[Records contained in a dataset]

———

lemma sum_shaving_eq:
  assumes "\<alpha> \<in> closed_simplex \<sigma>" "\<sigma> \<subseteq> \<tau>" "finite \<tau>"
  shows "sum (shaving X Y \<alpha>) {v. \<alpha> v \<noteq> 0} = sum (shaving X Y \<alpha>) \<tau>"
proof (rule sum.mono_neutral_left)
  show "{v. \<alpha> v \<noteq> 0} \<subseteq> \<tau>"
    using assms closed_simplex_eq_0[OF assms(1)] by blast
  show "\<forall>v\<in>\<tau> - {v. \<alpha> v \<noteq> 0}. shaving X Y \<alpha> v = 0"
  proof
    fix v assume "v \<in> \<tau> - {v. \<alpha> v \<noteq> 0}"
    then show "shaving X Y \<alpha> v = 0"
      using shaving_bounds[OF assms(1), of X Y v] by simp
  qed
qed (use assms in auto)

lemma apex_retraction_in_closed_simplex:
  assumes \<alpha>: "\<alpha> \<in> closed_simplex \<sigma>" and \<tau>: "\<sigma> \<subseteq> \<tau>" "finite \<tau>" "a \<in> \<tau>"
  shows "apex_retraction X Y a \<alpha> \<in> closed_simplex \<tau>"
proof -
  have \<alpha>\<tau>: "\<alpha> \<in> closed_simplex \<tau>"
    using \<alpha> \<tau> closed_simplex_mono by blast
  have "sum (apex_retraction X Y a \<alpha>) \<tau>
      = sum \<alpha> \<tau> - sum (shaving X Y \<alpha>) \<tau> + (\<Sum>u\<in>\<tau>. if u = a then sum (shaving X Y \<alpha>) \<tau> else 0)"
    unfolding apex_retraction_def sum_shaving_eq[OF \<alpha> \<tau>(1,2)]
    by (simp add: sum.distrib sum_subtractf)
  also have "\<dots> = 1"
    using \<tau> sum_closed_simplex[OF \<alpha>\<tau>] by simp
  finally have "sum (apex_retraction X Y a \<alpha>) \<tau> = 1" .
  moreover have "0 \<le> apex_retraction X Y a \<alpha> u" for u
    using shaving_bounds[OF \<alpha>, of X Y] sum_nonneg[of "{v. \<alpha> v \<noteq> 0}" "shaving X Y \<alpha>"]
    by (simp add: apex_retraction_def)
  moreover have "apex_retraction X Y a \<alpha> u = 0" if "u \<notin> \<tau>" for u
    using shaving_bounds[OF \<alpha>, of X Y u] closed_simplex_eq_0[OF \<alpha>\<tau> that] that \<tau>(3)
    by (auto simp: apex_retraction_def)
  ultimately show ?thesis
    by (simp add: closed_simplex_def)
qed

lemma apex_retraction_eq_self:
  assumes "\<alpha> \<in> closed_simplex \<sigma>" "\<sigma> \<subseteq> X"
  shows "apex_retraction X Y a \<alpha> = \<alpha>"
proof -
  have "side_mass Y X \<alpha> = 0"
    by (rule side_mass_eq_0[OF assms])
  then have "shaving X Y \<alpha> u = 0" for u
  proof (cases "u \<in> \<sigma>")
    case True
    then show ?thesis
      using assms(2) \<open>side_mass Y X \<alpha> = 0\<close> closed_simplex_nonneg[OF assms(1), of u]
      by (auto simp: shaving_def)
  next
    case False
    then have "\<alpha> u = 0"
      by (rule closed_simplex_eq_0[OF assms(1)])
    then show ?thesis
      using side_mass_nonneg[OF assms(1), of X Y] \<open>side_mass Y X \<alpha> = 0\<close> by (simp add: shaving_def)
  qed
  then show ?thesis
    by (simp add: apex_retraction_def fun_eq_iff)
qed

lemma apex_retraction_fixes_side:
  assumes "\<alpha> \<in> closed_simplex \<sigma>" "\<sigma> \<subseteq> X \<or> \<sigma> \<subseteq> Y"
  shows "apex_retraction X Y a \<alpha> = \<alpha>"
  using assms apex_retraction_eq_self apex_retraction_commute by metis

lemma apex_retraction_eq_0:
  assumes "\<alpha> \<in> closed_simplex \<sigma>" "finite \<sigma>" "side_mass X Y \<alpha> \<le> side_mass Y X \<alpha>" "a \<in> Y"
    and "u \<in> X - Y"
  shows "apex_retraction X Y a \<alpha> u = 0"
proof -
  have "\<alpha> u \<le> side_mass Y X \<alpha>"
    using le_side_mass[OF assms(1,2,5)] assms(3) by linarith
  then show ?thesis
    using assms(4,5) by (auto simp: apex_retraction_def shaving_def)
qed

lemma apex_retraction_in_side:
  assumes \<alpha>: "\<alpha> \<in> closed_simplex \<sigma>" and \<sigma>: "finite \<sigma>" "\<sigma> \<subseteq> X \<union> Y"
    and "a \<in> Y" "side_mass X Y \<alpha> \<le> side_mass Y X \<alpha>"
  shows "apex_retraction X Y a \<alpha> \<in> closed_simplex (insert a \<sigma> \<inter> Y)"
proof (rule closed_simplex_Int)
  show r: "apex_retraction X Y a \<alpha> \<in> closed_simplex (insert a \<sigma>)"
    using \<alpha> \<sigma> by (intro apex_retraction_in_closed_simplex) auto
  fix u assume "u \<notin> Y"
  show "apex_retraction X Y a \<alpha> u = 0"
  proof (cases "u \<in> X")
    case True
    then show ?thesis
      using apex_retraction_eq_0[OF \<alpha> \<sigma>(1)] assms \<open>u \<notin> Y\<close> by blast
  next
    case False
    then have "u \<notin> insert a \<sigma>"
      using \<sigma>(2) \<open>a \<in> Y\<close> \<open>u \<notin> Y\<close> by blast
    then show ?thesis
      by (rule closed_simplex_eq_0[OF r])
  qed
qed (use \<sigma> in simp)

lemma continuous_map_side_mass:
  assumes "finite \<sigma>"
  shows "continuous_map (simplex_topology \<sigma>) euclideanreal (side_mass X Y)"
proof (rule continuous_map_eq)
  show "continuous_map (simplex_topology \<sigma>) euclideanreal (\<lambda>\<alpha>. sum \<alpha> (\<sigma> \<inter> (X - Y)))"
    using assms by (intro continuous_map_sum continuous_map_simplex_coordinate) auto
  show "sum \<alpha> (\<sigma> \<inter> (X - Y)) = side_mass X Y \<alpha>" if "\<alpha> \<in> topspace (simplex_topology \<sigma>)" for \<alpha>
    using that side_mass_eq_sum assms by fastforce
qed

lemma continuous_map_shaving:
  assumes "finite \<sigma>"
  shows "continuous_map (simplex_topology \<sigma>) euclideanreal (\<lambda>\<alpha>. shaving X Y \<alpha> u)"
  by (cases "u \<in> X - Y"; cases "u \<in> Y - X")
     (simp_all add: shaving_def continuous_map_real_min continuous_map_simplex_coordinate
       continuous_map_side_mass assms)

lemma continuous_map_apex_retraction:
  assumes "finite \<sigma>"
  shows "continuous_map (simplex_topology \<sigma>) (powertop_real UNIV) (apex_retraction X Y a)"
proof -
  have "continuous_map (simplex_topology \<sigma>) euclideanreal (\<lambda>\<alpha>. sum (shaving X Y \<alpha>) {v. \<alpha> v \<noteq> 0})"
  proof (rule continuous_map_eq)
    show "continuous_map (simplex_topology \<sigma>) euclideanreal (\<lambda>\<alpha>. sum (shaving X Y \<alpha>) \<sigma>)"
      using assms by (intro continuous_map_sum continuous_map_shaving)
    show "sum (shaving X Y \<alpha>) \<sigma> = sum (shaving X Y \<alpha>) {v. \<alpha> v \<noteq> 0}"
      if "\<alpha> \<in> topspace (simplex_topology \<sigma>)" for \<alpha>
      using that assms sum_shaving_eq[of \<alpha> \<sigma> \<sigma>] by simp
  qed
  then have "continuous_map (simplex_topology \<sigma>) euclideanreal (\<lambda>\<alpha>. apex_retraction X Y a \<alpha> u)" for u
    by (cases "u = a") (simp_all add: apex_retraction_def continuous_map_add continuous_map_diff
        continuous_map_simplex_coordinate continuous_map_shaving assms)
  then show ?thesis
    by (simp add: continuous_map_componentwise_UNIV)
qed

lemma apex_retraction_fixes_cover:
  assumes "\<alpha> \<in> realization_set (full_subcomplex K X \<union> full_subcomplex K Y)"
  shows "apex_retraction X Y a \<alpha> = \<alpha>"
proof -
  obtain \<sigma> where \<sigma>: "\<alpha> \<in> closed_simplex \<sigma>" "\<sigma> \<subseteq> X \<or> \<sigma> \<subseteq> Y"
    using assms by (auto simp: realization_set_def full_subcomplex_def)
  then show ?thesis
    by (rule apex_retraction_fixes_side)
qed

lemma continuous_map_apex_retraction_side:
  assumes K: "simplicial_complex K" "insert a \<sigma> \<in> K" and "\<sigma> \<subseteq> X \<union> Y" "a \<in> Y"
    and L: "full_subcomplex K Y \<subseteq> L"
  shows "continuous_map
    (subtopology (simplex_topology \<sigma>)
      {\<alpha>. \<alpha> \<in> topspace (simplex_topology \<sigma>) \<and> side_mass X Y \<alpha> \<le> side_mass Y X \<alpha>})
    (realization L) (apex_retraction X Y a)"
proof (rule continuous_map_into_realization)
  have "finite \<sigma>"
    using simplicial_complex_finite[OF K] by simp
  show "insert a \<sigma> \<inter> Y \<in> L"
    using simplicial_complex_face[OF K, of "insert a \<sigma> \<inter> Y"] \<open>a \<in> Y\<close> L
    by (auto simp: full_subcomplex_def)
  show "continuous_map
      (subtopology (simplex_topology \<sigma>)
        {\<alpha>. \<alpha> \<in> topspace (simplex_topology \<sigma>) \<and> side_mass X Y \<alpha> \<le> side_mass Y X \<alpha>})
      (powertop_real UNIV) (apex_retraction X Y a)"
    by (rule continuous_map_from_subtopology[OF continuous_map_apex_retraction[OF \<open>finite \<sigma>\<close>]])
  show "apex_retraction X Y a \<in> topspace (subtopology (simplex_topology \<sigma>)
      {\<alpha>. \<alpha> \<in> topspace (simplex_topology \<sigma>) \<and> side_mass X Y \<alpha> \<le> side_mass Y X \<alpha>})
      \<rightarrow> closed_simplex (insert a \<sigma> \<inter> Y)"
    using apex_retraction_in_side[OF _ \<open>finite \<sigma>\<close>] assms(3,4) by auto
qed

lemma continuous_map_apex_retraction_realization:
  assumes K: "simplicial_complex K" and cover: "\<And>\<sigma>. \<sigma> \<in> K \<Longrightarrow> \<sigma> \<subseteq> X \<union> Y"
    and a: "a \<in> X" "a \<in> Y"
    and apex: "\<And>\<sigma>. \<sigma> \<in> K \<Longrightarrow> \<not> \<sigma> \<subseteq> X \<Longrightarrow> \<not> \<sigma> \<subseteq> Y \<Longrightarrow> insert a \<sigma> \<in> K"
  shows "continuous_map (realization K) (realization (full_subcomplex K X \<union> full_subcomplex K Y))
    (apex_retraction X Y a)"
proof (rule continuous_map_realization)
  let ?L = "full_subcomplex K X \<union> full_subcomplex K Y"
  fix \<sigma> assume "\<sigma> \<in> K"
  then have "finite \<sigma>"
    using K simplicial_complex_finite by blast
  show "continuous_map (simplex_topology \<sigma>) (realization ?L) (apex_retraction X Y a)"
  proof (cases "\<sigma> \<subseteq> X \<or> \<sigma> \<subseteq> Y")
    case True
    then have "\<sigma> \<in> ?L"
      using \<open>\<sigma> \<in> K\<close> by (auto simp: full_subcomplex_def)
    moreover have "apex_retraction X Y a \<alpha> \<in> closed_simplex \<sigma>" if "\<alpha> \<in> closed_simplex \<sigma>" for \<alpha>
      using apex_retraction_fixes_side[OF that True] that by simp
    ultimately show ?thesis
      using continuous_map_apex_retraction[OF \<open>finite \<sigma>\<close>]
      by (intro continuous_map_into_realization) auto
  next
    case False
    then have "insert a \<sigma> \<in> K"
      using apex \<open>\<sigma> \<in> K\<close> by blast
    have "continuous_map (simplex_topology \<sigma>) (realization ?L)
      (\<lambda>\<alpha>. if side_mass X Y \<alpha> \<le> side_mass Y X \<alpha> then apex_retraction X Y a \<alpha>
            else apex_retraction X Y a \<alpha>)"
    proof (rule continuous_map_cases_le)
      show "continuous_map (simplex_topology \<sigma>) euclideanreal (side_mass X Y)"
        "continuous_map (simplex_topology \<sigma>) euclideanreal (side_mass Y X)"
        using \<open>finite \<sigma>\<close> by (simp_all add: continuous_map_side_mass)
      show "continuous_map (subtopology (simplex_topology \<sigma>)
          {\<alpha>. \<alpha> \<in> topspace (simplex_topology \<sigma>) \<and> side_mass X Y \<alpha> \<le> side_mass Y X \<alpha>})
          (realization ?L) (apex_retraction X Y a)"
        using K \<open>insert a \<sigma> \<in> K\<close> cover[OF \<open>\<sigma> \<in> K\<close>] a(2)
        by (intro continuous_map_apex_retraction_side) auto
      show "continuous_map (subtopology (simplex_topology \<sigma>)
          {\<alpha>. \<alpha> \<in> topspace (simplex_topology \<sigma>) \<and> side_mass Y X \<alpha> \<le> side_mass X Y \<alpha>})
          (realization ?L) (apex_retraction X Y a)"
        using K \<open>insert a \<sigma> \<in> K\<close> cover[OF \<open>\<sigma> \<in> K\<close>] a(1)
          continuous_map_apex_retraction_side[of K a \<sigma> Y X ?L]
        by (auto simp: apex_retraction_commute[where X = X and Y = Y])
    qed simp
    then show ?thesis
      by simp
  qed
qed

———

-- TRY IT --
Please show each line in the records above that contains "else".

-- ANSWER FOR THE TASK --
      = sum \<alpha> \<tau> - sum (shaving X Y \<alpha>) \<tau> + (\<Sum>u\<in>\<tau>. if u = a then sum (shaving X Y \<alpha>) \<tau> else 0)"
            else apex_retraction X Y a \<alpha>)"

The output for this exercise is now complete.